Program is ‘not sure’ what crimes he committed that landed him in prison

A University of California Berkeley student who is active with a prison-to-university program now faces two felony charges after allegedly making violent threats toward university staff.

Lamar Bursey (pictured) has been charged with “two felony counts of making criminal threats against two UC Berkeley staff members,” according to Berkeleyside.

“Depending on who I feel was helping or not, 2 people on this email will get shot,” Bursey allegedly wrote, according to the Los Angeles Times.

His alleged threats led to a campus-wide lockdown on Thursday, April 21.

Bursey is a member of the university’s Underground Scholars program although the initiative, partially led by students,  scrubbed his name from the website.

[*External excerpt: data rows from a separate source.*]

lemma degree_tangent_section_le: "degree (tangent_section d g i) \<le> d"
proof -
  have "degree (poly_slice m n g) \<le> d" if "n \<le> Suc d" for m n
    using that by (rule degree_poly_slice_le)
  then show ?thesis
    unfolding tangent_section_def Let_def numeral_mult_conv_smult
    by (auto intro!: degree_add_le degree_diff_le order_trans[OF degree_smult_le])
qed

lemma tangent_section_diff:
  "tangent_section d (g - g') i = tangent_section d g i - tangent_section d g' i"
  unfolding tangent_section_def Let_def poly_slice_diff
  by (simp add: smult_diff_right algebra_simps)

lemma tangent_section_0 [simp]: "tangent_section d 0 i = 0"
  using tangent_section_diff[of d 0 0 i] by simp

lemma l1_norm_tangent_section_le: "l1_norm (tangent_section d g i) \<le> real (Suc d) * l1_norm g"
proof (rule l1_norm_le_coeff_bound[OF degree_tangent_section_le])
  fix k
  note abs_coeff_poly_slice_le[of 0 d g k] abs_coeff_poly_slice_le[of d d g k]
    abs_coeff_poly_slice_le[of "2 * d" d g k] abs_coeff_poly_slice_le[of "3 * d" "Suc d" g k]
  then show "\<bar>coeff (tangent_section d g i) k\<bar> \<le> l1_norm g"
    unfolding tangent_section_def Let_def
    by (auto simp: numeral_mult_conv_smult abs_le_iff)
qed

text \<open>Since \<open>(1 + s)\<^sup>3 + (1 - s)\<^sup>3 = 2 + 6 s\<^sup>2\<close> and \<open>(1 + s)\<^sup>3 - (1 - s)\<^sup>3 = 6 s + 2 s\<^sup>3\<close>, the
  four cubes \<open>base_form d i ^ 3\<close> span every form \<open>g\<^sub>0 + s g\<^sub>1 + s\<^sup>2 g\<^sub>2 + s\<^sup>3 g\<^sub>3\<close> with
  \<open>s = x\<^sup>d\<close>, so the tangent map at the base point is onto.\<close>

lemma tangent_map_tangent_section:
  assumes "degree g \<le> 4 * d"
  shows "tangent_map d (tangent_section d g) = g"
proof -
  define s where "s = monom (1 :: real) d"
  define A where "A = smult (1/4) (poly_slice 0 d g)"
  define B where "B = smult (1/4) (poly_slice (3 * d) (Suc d) g)"
  define P where "P = smult (1/24) (poly_slice (2 * d) d g)"
  define Q where "Q = smult (1/24) (poly_slice d d g)"
  have slices: "poly_slice 0 d g = 4 * A" "poly_slice (3 * d) (Suc d) g = 4 * B"
    "poly_slice (2 * d) d g = 24 * P" "poly_slice d d g = 24 * Q"
    unfolding A_def B_def P_def Q_def by (simp_all add: numeral_mult_conv_smult)
  have powers: "monom 1 (2 * d) = s ^ 2" "monom 1 (3 * d) = s ^ 3"
    unfolding s_def monom_power by (simp_all add: mult.commute)
  have "tangent_map d (tangent_section d g) = 4 * (A - 2 * P) + 4 * (s ^ 3 * (B - 2 * Q))
      + 4 * ((1 + s) ^ 3 * (P + Q)) + 4 * ((1 - s) ^ 3 * (P - Q))"
    unfolding tangent_map_def sum_lessThan_4 tangent_section_def base_form_def
      A_def B_def P_def Q_def s_def Let_def
    by simp
  also have "\<dots> = 4 * A + s * (24 * Q) + s ^ 2 * (24 * P) + s ^ 3 * (4 * B)"
    by (simp add: algebra_simps power2_eq_square power3_eq_cube)
  also have "\<dots> = g"
    using poly_eq_four_slices[OF assms] unfolding slices powers s_def by simp
  finally show ?thesis .
qed

lemma power4_add_eq: "(b + h) ^ 4 = b ^ 4 + 4 * (b ^ 3 * h) + quartic_remainder b h"
  unfolding quartic_remainder_def
  by (simp add: algebra_simps power2_eq_square power3_eq_cube power4_eq_xxxx)

lemma sum_power4_base_form_add:
  "(\<Sum>i<4. (base_form d i + h i) ^ 4)
    = base_point d + tangent_map d h + (\<Sum>i<4. quartic_remainder (base_form d i) (h i))"
  unfolding base_point_def tangent_map_def power4_add_eq by (simp add: sum.distrib)

lemma quartic_remainder_0 [simp]: "quartic_remainder b 0 = 0"
  by (simp add: quartic_remainder_def)

lemma quartic_remainder_diff:
  "quartic_remainder b h - quartic_remainder b h'
    = (h - h') * (6 * (b\<^sup>2 * (h + h')) + 4 * (b * (h\<^sup>2 + h * h' + h'\<^sup>2)) + (h + h') * (h\<^sup>2 + h'\<^sup>2))"
  unfolding quartic_remainder_def
  by (simp add: algebra_simps power2_eq_square power3_eq_cube power4_eq_xxxx)

lemma l1_norm_quartic_remainder_diff_le:
  assumes b: "l1_norm b \<le> 2" and h: "l1_norm h \<le> \<rho>" and h': "l1_norm h' \<le> \<rho>"
    and \<rho>: "0 \<le> \<rho>" "\<rho> \<le> 1"
  shows "l1_norm (quartic_remainder b h - quartic_remainder b h') \<le> 76 * \<rho> * l1_norm (h - h')"
proof -
  have \<rho>\<rho>: "\<rho> * \<rho> \<le> \<rho>"
    using \<rho> by (simp add: mult_left_le)
  have sum_h: "l1_norm (h + h') \<le> 2 * \<rho>"
    using l1_norm_add_le[of h h'] h h' by linarith
  have b2: "l1_norm (b\<^sup>2) \<le> 2 * 2"
    unfolding power2_eq_square by (rule l1_norm_mult_le_bounds[OF b b])
  have sq: "l1_norm (h\<^sup>2) \<le> \<rho> * \<rho>" "l1_norm (h * h') \<le> \<rho> * \<rho>" "l1_norm (h'\<^sup>2) \<le> \<rho> * \<rho>"
    unfolding power2_eq_square by (intro l1_norm_mult_le_bounds h h')+
  have "l1_norm (b\<^sup>2 * (h + h')) \<le> (2 * 2) * (2 * \<rho>)"
    by (rule l1_norm_mult_le_bounds[OF b2 sum_h])
  then have term1: "l1_norm (6 * (b\<^sup>2 * (h + h'))) \<le> 48 * \<rho>"
    by simp
  have "l1_norm (h\<^sup>2 + h * h' + h'\<^sup>2) \<le> 3 * \<rho>"
    using l1_norm_add_le[of "h\<^sup>2 + h * h'" "h'\<^sup>2"] l1_norm_add_le[of "h\<^sup>2" "h * h'"] sq \<rho>\<rho>
    by linarith
  then have "l1_norm (b * (h\<^sup>2 + h * h' + h'\<^sup>2)) \<le> 2 * (3 * \<rho>)"
    by (rule l1_norm_mult_le_bounds[OF b])
  then have term2: "l1_norm (4 * (b * (h\<^sup>2 + h * h' + h'\<^sup>2))) \<le> 24 * \<rho>"
    by simp
  have "l1_norm (h\<^sup>2 + h'\<^sup>2) \<le> 2 * \<rho>"
    using l1_norm_add_le[of "h\<^sup>2" "h'\<^sup>2"] sq \<rho>\<rho> by linarith
  then have "l1_norm ((h + h') * (h\<^sup>2 + h'\<^sup>2)) \<le> (2 * \<rho>) * (2 * \<rho>)"
    by (rule l1_norm_mult_le_bounds[OF sum_h])
  then have term3: "l1_norm ((h + h') * (h\<^sup>2 + h'\<^sup>2)) \<le> 4 * \<rho>"
    using \<rho>\<rho> by (simp add: algebra_simps)
  have "l1_norm (6 * (b\<^sup>2 * (h + h')) + 4 * (b * (h\<^sup>2 + h * h' + h'\<^sup>2)) + (h + h') * (h\<^sup>2 + h'\<^sup>2))
      \<le> 76 * \<rho>"
    using l1_norm_add_le[of "6 * (b\<^sup>2 * (h + h')) + 4 * (b * (h\<^sup>2 + h * h' + h'\<^sup>2))"
        "(h + h') * (h\<^sup>2 + h'\<^sup>2)"]
      l1_norm_add_le[of "6 * (b\<^sup>2 * (h + h'))" "4 * (b * (h\<^sup>2 + h * h' + h'\<^sup>2))"]
      term1 term2 term3
    by linarith
  then have "l1_norm (quartic_remainder b h - quartic_remainder b h') \<le> l1_norm (h - h') * (76 * \<rho>)"
    unfolding quartic_remainder_diff by (rule l1_norm_mult_le_bounds[OF order_refl])
  then show ?thesis
    by (simp add: algebra_simps)
qed

lemma degree_quartic_remainder_le:
  assumes "degree b \<le> d" "degree h \<le> d"
  shows "degree (quartic_remainder b h) \<le> 4 * d"
proof -
  have power: "degree (p ^ k) \<le> k * d" if "degree p \<le> d" for p :: "real poly" and k
    using degree_power_le[of p k] that by (metis mult.commute mult_le_mono2 order_trans)
  have mult: "degree (p * q) \<le> m + n" if "degree p \<le> m" "degree q \<le> n" for p q :: "real poly" and m n
    using degree_mult_le[of p q] that by linarith
  have "degree (b\<^sup>2 * h\<^sup>2) \<le> 4 * d"
    using mult[OF power[OF assms(1), of 2] power[OF assms(2), of 2]] by simp
  moreover have "degree (b * h ^ 3) \<le> 4 * d"
    using mult[OF assms(1) power[OF assms(2), of 3]] by simp
  moreover have "degree (h ^ 4) \<le> 4 * d"
    using power[OF assms(2), of 4] by simp
  ultimately show ?thesis
    unfolding quartic_remainder_def numeral_mult_conv_smult
    by (intro degree_add_le order_trans[OF degree_smult_le])
qed

lemma degree_base_point_le: "degree (base_point d) \<le> 4 * d"
proof -
  have "degree (base_form d i ^ 4) \<le> 4 * d" for i
    using degree_power_le[of "base_form d i" 4] degree_base_form_le[of d i] by linarith
  then show ?thesis
    unfolding base_point_def by (intro degree_sum_le) auto
qed

lemma degree_correction_map_le:
  "degree G \<le> 4 * d \<Longrightarrow> degree (correction_map d G w) \<le> 4 * d"
  unfolding correction_map_def
  by (intro degree_diff_le degree_base_point_le degree_sum_le)
    (auto intro: degree_quartic_remainder_le degree_base_form_le degree_tangent_section_le)

lemma l1_norm_correction_map_diff_le:
  assumes w: "l1_norm w \<le> r" and w': "l1_norm w' \<le> r" and r: "0 \<le> r" "real (Suc d) * r \<le> 1"
  shows "l1_norm (correction_map d G w - correction_map d G w')
    \<le> 304 * real (Suc d) ^ 2 * r * l1_norm (w - w')"
proof -
  let ?K = "real (Suc d)"
  let ?h = "tangent_section d"
  let ?R = "\<lambda>i v. quartic_remainder (base_form d i) (?h v i)"
  have "l1_norm (?R i w' - ?R i w) \<le> 76 * (?K * r) * (?K * l1_norm (w - w'))" for i
  proof -
    have bound: "l1_norm (?h v i) \<le> ?K * r" if "l1_norm v \<le> r" for v
      using l1_norm_tangent_section_le[of d v i] that
      by (meson mult_left_mono of_nat_0_le_iff order_trans)
    have "l1_norm (?R i w' - ?R i w) \<le> 76 * (?K * r) * l1_norm (?h w' i - ?h w i)"
      by (rule l1_norm_quartic_remainder_diff_le[OF l1_norm_base_form_le bound[OF w'] bound[OF w]])
        (use r in auto)
    also have "l1_norm (?h w' i - ?h w i) = l1_norm (?h (w - w') i)"
      by (simp add: tangent_section_diff l1_norm_minus_commute)
    also have "\<dots> \<le> ?K * l1_norm (w - w')"
      by (rule l1_norm_tangent_section_le)
    finally show ?thesis
      using r by (simp add: mult_left_mono)
  qed
  then have "l1_norm (\<Sum>i<4. ?R i w' - ?R i w) \<le> (\<Sum>i<4::nat. 76 * (?K * r) * (?K * l1_norm (w - w')))"
    by (intro order_trans[OF l1_norm_sum_le] sum_mono)
  moreover have "correction_map d G w - correction_map d G w' = (\<Sum>i<4. ?R i w' - ?R i w)"
    unfolding correction_map_def by (simp add: sum_subtractf)
  ultimately show ?thesis
    by (simp add: power2_eq_square algebra_simps)
qed

lemma sum_power4_of_correction_fixpoint:
  assumes "degree W \<le> 4 * d" "correction_map d G W = W"
  shows "(\<Sum>i<4. (base_form d i + tangent_section d W i) ^ 4) = G"
  using assms unfolding sum_power4_base_form_add tangent_map_tangent_section[OF assms(1)]
  by (simp add: correction_map_def algebra_simps)

lemma four_length_le4_near_base_point:
  assumes G: "degree G \<le> 4 * d" and close: "l1_norm (G - base_point d) \<le> 1 / (1216 * real (Suc d) ^ 2)"
  shows "G \<in> four_length_le4 d"
proof -
  define r where "r = 1 / (608 * real (Suc d) ^ 2)"
  have "real (Suc d) * r = 1 / (608 * real (Suc d))"
    unfolding r_def by (simp add: power2_eq_square)
  then have r: "0 \<le> r" "real (Suc d) * r \<le> 1" "304 * real (Suc d) ^ 2 * r = 1/2"
    unfolding r_def by (simp_all add: power2_eq_square)
  obtain W where "degree W \<le> 4 * d" "correction_map d G W = W"
  proof (rule l1_contraction_fixpoint[where k = "1/2" and r = r])
    show "degree (correction_map d G w) \<le> 4 * d" for w
      using G by (rule degree_correction_map_le)
    show "l1_norm (correction_map d G w - correction_map d G w') \<le> 1/2 * l1_norm (w - w')"
      if "l1_norm w \<le> r" "l1_norm w' \<le> r" for w w'
      using l1_norm_correction_map_diff_le[OF that r(1,2)] unfolding r(3) .
    show "l1_norm (correction_map d G 0) \<le> (1 - 1/2) * r"
      using close by (simp add: correction_map_def r_def)
  qed auto
  then have "G = (\<Sum>i<4. (base_form d i + tangent_section d W i) ^ 4)"
    by (simp add: sum_power4_of_correction_fixpoint)
  also have "\<dots> \<in> four_length_le4 d"
    by (intro four_length_le4I degree_add_le degree_base_form_le degree_tangent_section_le)
  finally show ?thesis .
qed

He worked as an “Outreach Program Coordinator” recruiting other released felons to attend UC Berkeley.

The prison program’s student coordinator told The College Fix she did not know any details about Bursey’s criminal background.

“I’m not sure,” Underground Scholars coordinator Shani Shay told The Fix on Monday when asked about Bursey’s criminal past. “I just know Lamar was an Underground scholar and we tried to support him the best we could.”

The initiative “creates a pathway for incarcerated, formerly incarcerated and system impacted individuals into higher education.”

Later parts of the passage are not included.